[Saved data entries]
definition qpoch :: "complex \<Rightarrow> real \<Rightarrow> nat \<Rightarrow> complex" where
  "qpoch a q n = (\<Prod>j<n. 1 - a * of_real q ^ j)"

definition qpoch_inf :: "complex \<Rightarrow> real \<Rightarrow> complex" where
  "qpoch_inf a q = (\<Prod>j. 1 - a * of_real q ^ j)"

definition cc :: "real \<Rightarrow> real \<Rightarrow> real \<Rightarrow> nat \<Rightarrow> complex \<Rightarrow> complex" where
  "cc q \<alpha> \<beta> k z = (\<Prod>j<k. of_real \<alpha> * (1 + z^2 * of_real q ^ (2*j))
                              - of_real \<beta> * of_real q ^ j * (1 + z^2))"

text \<open>psi_n^+(z) for integers n \<ge> -1 (the index is an int; only n \<ge> -1 is used).\<close>
definition psi :: "real \<Rightarrow> real \<Rightarrow> real \<Rightarrow> int \<Rightarrow> complex \<Rightarrow> complex" where
  "psi q \<alpha> \<beta> n z = z powi n *
     (\<Sum>k. qpoch_inf (of_real q ^ (k+1) * z^2) q / qpoch (of_real q) q k
            * cc q \<alpha> \<beta> k z * of_real q ^ (nat (n+1) * k))"

end

theory Submission
  imports Defs "HOL-Complex_Analysis.Complex_Analysis"
begin

text \<open>
  Write \<open>\<psi>_n(w) = w^n F(q^(n+1), w)\<close> with \<open>F(t, w) = \<Sum>_k T_k(w) t^k\<close>. The ratio
  \<open>T_(k+1) / T_k\<close> turns into a \<open>q\<close>-difference equation for \<open>F\<close> in \<open>t\<close>, which is the
  three-term recurrence \<open>\<psi>_(m+1) = (w + 1/w) \<lambda>_m \<psi>_m - \<psi>_(m-1)\<close>, \<open>\<lambda>_m = (1 - \<beta> q^m) / (1 - \<alpha> q^m)\<close>.
  Differentiating it, the Wronskians \<open>W_m = \<psi>_(m-1)' \<psi>_m - \<psi>_(m-1) \<psi>_m'\<close> satisfy
  \<open>W_m - W_(m+1) = (1 - 1/z^2) \<lambda>_m \<psi>_m(z)^2\<close>, so the series telescopes to \<open>W_n / (1 - 1/z^2)\<close>
  once \<open>W_m \<rightarrow> 0\<close> is known. For that, the coefficients \<open>T_k\<close> are bounded on the closed unit disc
  by a summable sequence (its ratios tend to \<open>|\<alpha>| < 1\<close>), so \<open>\<psi>_m = O(\<rho>^m)\<close> with \<open>\<rho> < 1\<close> on a
  small disc around \<open>z\<close>, and Cauchy's estimate gives the same bound for \<open>\<psi>_m'\<close>.
\<close>

section \<open>The \<open>q\<close>-Pochhammer symbol\<close>

lemma convergent_prod_qpoch:
  assumes "\<bar>q\<bar> < 1"
  shows "convergent_prod (\<lambda>j. 1 - a * of_real q ^ j :: complex)"
proof -
  have "summable (\<lambda>j. norm a * \<bar>q\<bar> ^ j)"
    using assms by (intro summable_mult summable_geometric) auto
  then have "summable (\<lambda>j. norm ((1 - a * of_real q ^ j) - 1))"
    by (simp add: norm_mult norm_power)
  then show ?thesis
    by (intro abs_convergent_prod_imp_convergent_prod summable_imp_abs_convergent_prod)
qed

lemma qpoch_LIMSEQ:
  assumes "\<bar>q\<bar> < 1"
  shows "(\<lambda>n. qpoch a q n) \<longlonglongrightarrow> qpoch_inf a q"
proof -
  have "(\<lambda>n. \<Prod>j\<le>n. 1 - a * of_real q ^ j) \<longlonglongrightarrow> qpoch_inf a q"
    unfolding qpoch_inf_def by (rule convergent_prod_LIMSEQ[OF convergent_prod_qpoch[OF assms]])
  then have "(\<lambda>n. qpoch a q (Suc n)) \<longlonglongrightarrow> qpoch_inf a q"
    by (simp add: qpoch_def lessThan_Suc_atMost)
  then show ?thesis
    by (rule LIMSEQ_imp_Suc)
qed

lemma norm_qpoch_le:
  assumes "\<bar>q\<bar> < 1"
  shows "norm (qpoch a q n) \<le> exp (norm a / (1 - \<bar>q\<bar>))"
proof -
  have geometric: "summable (\<lambda>j. norm a * \<bar>q\<bar> ^ j)"
    using assms by (intro summable_mult summable_geometric) auto
  have "norm (qpoch a q n) \<le> (\<Prod>j<n. 1 + norm a * \<bar>q\<bar> ^ j)"
    unfolding qpoch_def prod_norm[symmetric]
    by (intro prod_mono conjI norm_ge_zero order_trans[OF norm_triangle_ineq4])
       (simp add: norm_mult norm_power)
  also have "\<dots> \<le> exp (\<Sum>j<n. norm a * \<bar>q\<bar> ^ j)"
    by (rule prod_le_exp_sum) simp
  also have "\<dots> \<le> exp (\<Sum>j. norm a * \<bar>q\<bar> ^ j)"
    using sum_le_suminf[OF geometric] by simp
  also have "(\<Sum>j. norm a * \<bar>q\<bar> ^ j) = norm a / (1 - \<bar>q\<bar>)"
    using assms by (simp add: suminf_mult suminf_geometric)
  finally show ?thesis .
qed

lemma norm_qpoch_inf_le:
  assumes "\<bar>q\<bar> < 1"
  shows "norm (qpoch_inf a q) \<le> exp (norm a / (1 - \<bar>q\<bar>))"
  by (rule LIMSEQ_le_const2[OF tendsto_norm[OF qpoch_LIMSEQ[OF assms]]])
     (use norm_qpoch_le[OF assms] in auto)

lemma qpoch_inf_shift:
  assumes "\<bar>q\<bar> < 1"
  shows "qpoch_inf a q = (1 - a) * qpoch_inf (a * of_real q) q"
proof -
  have "(\<lambda>j. 1 - a * of_real q ^ j) has_prod
          ((\<Prod>j<1. 1 - a * of_real q ^ j) * (\<Prod>j. 1 - a * of_real q ^ (j + 1)))"
    by (rule has_prod_ignore_initial_segment'[OF convergent_prod_qpoch[OF assms]])
  then have "qpoch_inf a q = (\<Prod>j<1. 1 - a * of_real q ^ j) * (\<Prod>j. 1 - a * of_real q ^ (j + 1))"
    unfolding qpoch_inf_def by (rule has_prod_unique[symmetric])
  then show ?thesis
    by (simp add: qpoch_inf_def mult_ac)
qed
text \<open>Shifting a Metzler matrix by a multiple of the identity makes it nonnegative, and this
  shift only rescales the exponential by a positive factor.\<close>
lemma metzler_mexp_nonneg:
  fixes A :: "real^'n::finite^'n"
  assumes "metzler A" "0 \<le> t"
  shows "nonneg_mat (mexp (t *\<^sub>R A))"
proof -
  define c where "c = (\<Sum>i\<in>UNIV. \<bar>A $ i $ i\<bar>)"
  define B where "B = A + c *\<^sub>R mat 1"
  have diag: "\<bar>A $ i $ i\<bar> \<le> c" for i
    unfolding c_def by (rule member_le_sum) auto
  have "0 \<le> A $ i $ i + c" for i
    using abs_le_D2[OF diag[of i]] by linarith
  then have "nonneg_mat (t *\<^sub>R B)"
    using assms by (auto simp: nonneg_mat_def B_def metzler_def mat_def)
  moreover have "exp (t *\<^sub>R linop_of_mat A) = exp (- (t * c)) *\<^sub>R exp (t *\<^sub>R linop_of_mat B)"
  proof -
    let ?B = "t *\<^sub>R linop_of_mat B" and ?c = "of_real (- (t * c)) :: 'n linop"
    have "t *\<^sub>R linop_of_mat A = ?B + ?c"
      by (simp add: B_def linop_of_mat_add linop_of_mat_scaleR linop_of_mat_one
          scaleR_add_right of_real_def)
    moreover have "?B * ?c = ?c * ?B"
      by (simp add: of_real_def)
    then have "exp (?B + ?c) = exp ?B * exp ?c"
      by (rule exp_add_commuting)
    ultimately show ?thesis
      unfolding exp_of_real by (simp add: of_real_def)
  qed
  then have "mexp (t *\<^sub>R A) = exp (- (t * c)) *\<^sub>R mexp (t *\<^sub>R B)"
    by (simp add: mexp_scaleR mat_of_linop_scaleR)
  ultimately show ?thesis
    using nonneg_mexp[of "t *\<^sub>R B"] by (simp add: nonneg_mat_def)
qed
lemma f_p_alpha_over_powr_tendsto:
  assumes "a < real p"
  shows "((\<lambda>t. f_p_alpha p a t / \<bar>t\<bar> powr a) \<longlongrightarrow> 1) (at 0)"
proof -
  define K where "K = 2 powr a * (pi / 2) powr (a - real (p + 1)) *
    infsum (\<lambda>l::int. \<bar>real_of_int l\<bar> powr (a - real (p + 1))) (UNIV - {0})"
  define R where "R t = infsum (f_term p a t) (UNIV - {0})" for t
  have "K \<ge> 0" unfolding K_def by (intro mult_nonneg_nonneg infsum_nonneg) auto
  have near_0: "\<forall>\<^sub>F t in at 0. \<bar>t\<bar> \<le> pi \<and> t \<noteq> 0"
    unfolding eventually_at by (rule exI[of _ pi]) (auto simp: dist_real_def)
  have R_le: "norm (R t / \<bar>t\<bar> powr a) \<le> K * \<bar>t\<bar> powr (real (p + 1) - a)"
    if "\<bar>t\<bar> \<le> pi" "t \<noteq> 0" for t
  proof -
    have "\<bar>R t\<bar> \<le> K * \<bar>sin (t / 2)\<bar> ^ (p + 1)"
      using abs_infsum_f_term_nonzero_le[OF that(1) assms] unfolding R_def K_def .
    also have "\<dots> \<le> K * \<bar>t\<bar> ^ (p + 1)"
      using abs_sin_x_le_abs_x[of "t / 2"] \<open>K \<ge> 0\<close> by (intro mult_left_mono power_mono) auto
    also have "\<dots> = K * \<bar>t\<bar> powr real (p + 1)"
      using that(2) by (subst powr_realpow) auto
    finally have "\<bar>R t\<bar> / \<bar>t\<bar> powr a \<le> K * \<bar>t\<bar> powr real (p + 1) / \<bar>t\<bar> powr a"
      by (rule divide_right_mono) simp
    then show ?thesis by (simp add: abs_divide powr_diff)
  qed
  have "((\<lambda>t::real. t / 2) \<longlongrightarrow> 0) (at 0)"
    by (rule tendsto_divide_zero[OF tendsto_ident_at])
  then have "((\<lambda>t. sinc (t / 2)) \<longlongrightarrow> sinc 0) (at 0)"
    by (rule isCont_tendsto_compose[OF isCont_sinc])
  from tendsto_power[OF this, of "p + 1"]
  have main: "((\<lambda>t. sinc (t / 2) ^ (p + 1)) \<longlongrightarrow> 1) (at 0)" by (simp add: sinc_def)
  have "((\<lambda>t::real. \<bar>t\<bar> powr (real (p + 1) - a)) \<longlongrightarrow> 0) (at 0)"
    using assms by (intro tendsto_zero_powrI tendsto_rabs_zero tendsto_ident_at) auto
  then have majorant: "((\<lambda>t::real. K * \<bar>t\<bar> powr (real (p + 1) - a)) \<longlongrightarrow> 0) (at 0)"
    by (rule tendsto_mult_right_zero)
  have tail: "((\<lambda>t. R t / \<bar>t\<bar> powr a) \<longlongrightarrow> 0) (at 0)"
  proof (rule Lim_null_comparison[OF _ majorant])
    show "\<forall>\<^sub>F t in at 0. norm (R t / \<bar>t\<bar> powr a) \<le> K * \<bar>t\<bar> powr (real (p + 1) - a)"
      using near_0 by (rule eventually_mono) (blast intro: R_le)
  qed
  have "\<forall>\<^sub>F t in at 0. sinc (t / 2) ^ (p + 1) + R t / \<bar>t\<bar> powr a = f_p_alpha p a t / \<bar>t\<bar> powr a"
    using near_0 by (rule eventually_mono) (simp add: f_p_alpha_split[OF _ assms] R_def add_divide_distrib)
  from Lim_transform_eventually[OF tendsto_add[OF main tail] this] show ?thesis by simp
qed

theorem corollary5p3:
  fixes \<alpha> :: real and p :: nat
  assumes "1 < \<alpha>" and "\<alpha> < 2" and "2 \<le> p"
  shows "(\<forall>\<theta>\<in>{-pi..pi}. f_term p \<alpha> \<theta> summable_on (UNIV::int set))
    \<and> (\<forall>\<theta>\<in>{-pi..pi}. f_p_alpha p \<alpha> \<theta> \<ge> 0)
    \<and> {\<theta>\<in>{-pi..pi}. f_p_alpha p \<alpha> \<theta> = 0} = {0}
    \<and> (\<exists>L>0. ((\<lambda>\<theta>. f_p_alpha p \<alpha> \<theta> / \<bar>\<theta>\<bar> powr \<alpha>) \<longlongrightarrow> L) (at 0))"
proof -
  have \<alpha>_less_p: "\<alpha> < real p" using assms by linarith
  have pos: "f_p_alpha p \<alpha> \<theta> > 0" if "\<theta> \<in> {-pi..pi}" "\<theta> \<noteq> 0" for \<theta>
    using f_p_alpha_pos[of "\<bar>\<theta>\<bar>", OF _ _ \<alpha>_less_p] f_p_alpha_minus[of p \<alpha> \<theta>] that
    by (cases "\<theta> > 0") auto
  have "\<forall>\<theta>\<in>{-pi..pi}. f_term p \<alpha> \<theta> summable_on UNIV"
    using f_term_summable_on \<alpha>_less_p by auto
  moreover have "\<forall>\<theta>\<in>{-pi..pi}. f_p_alpha p \<alpha> \<theta> \<ge> 0"
    using pos f_p_alpha_0 by (metis less_imp_le order_refl)
  moreover have "{\<theta>\<in>{-pi..pi}. f_p_alpha p \<alpha> \<theta> = 0} = {0}"
    using pos f_p_alpha_0 pi_gt_zero by force
  moreover have "((\<lambda>\<theta>. f_p_alpha p \<alpha> \<theta> / \<bar>\<theta>\<bar> powr \<alpha>) \<longlongrightarrow> 1) (at 0)"
    by (rule f_p_alpha_over_powr_tendsto[OF \<alpha>_less_p])
  ultimately show ?thesis by auto
qed

end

Your task
Search the entries above for "dots". Show every line that has it.

Exercise answer
  also have "\<dots> \<le> exp (\<Sum>j<n. norm a * \<bar>q\<bar> ^ j)"
  also have "\<dots> \<le> exp (\<Sum>j. norm a * \<bar>q\<bar> ^ j)"
    also have "\<dots> \<le> K * \<bar>t\<bar> ^ (p + 1)"
    also have "\<dots> = K * \<bar>t\<bar> powr real (p + 1)"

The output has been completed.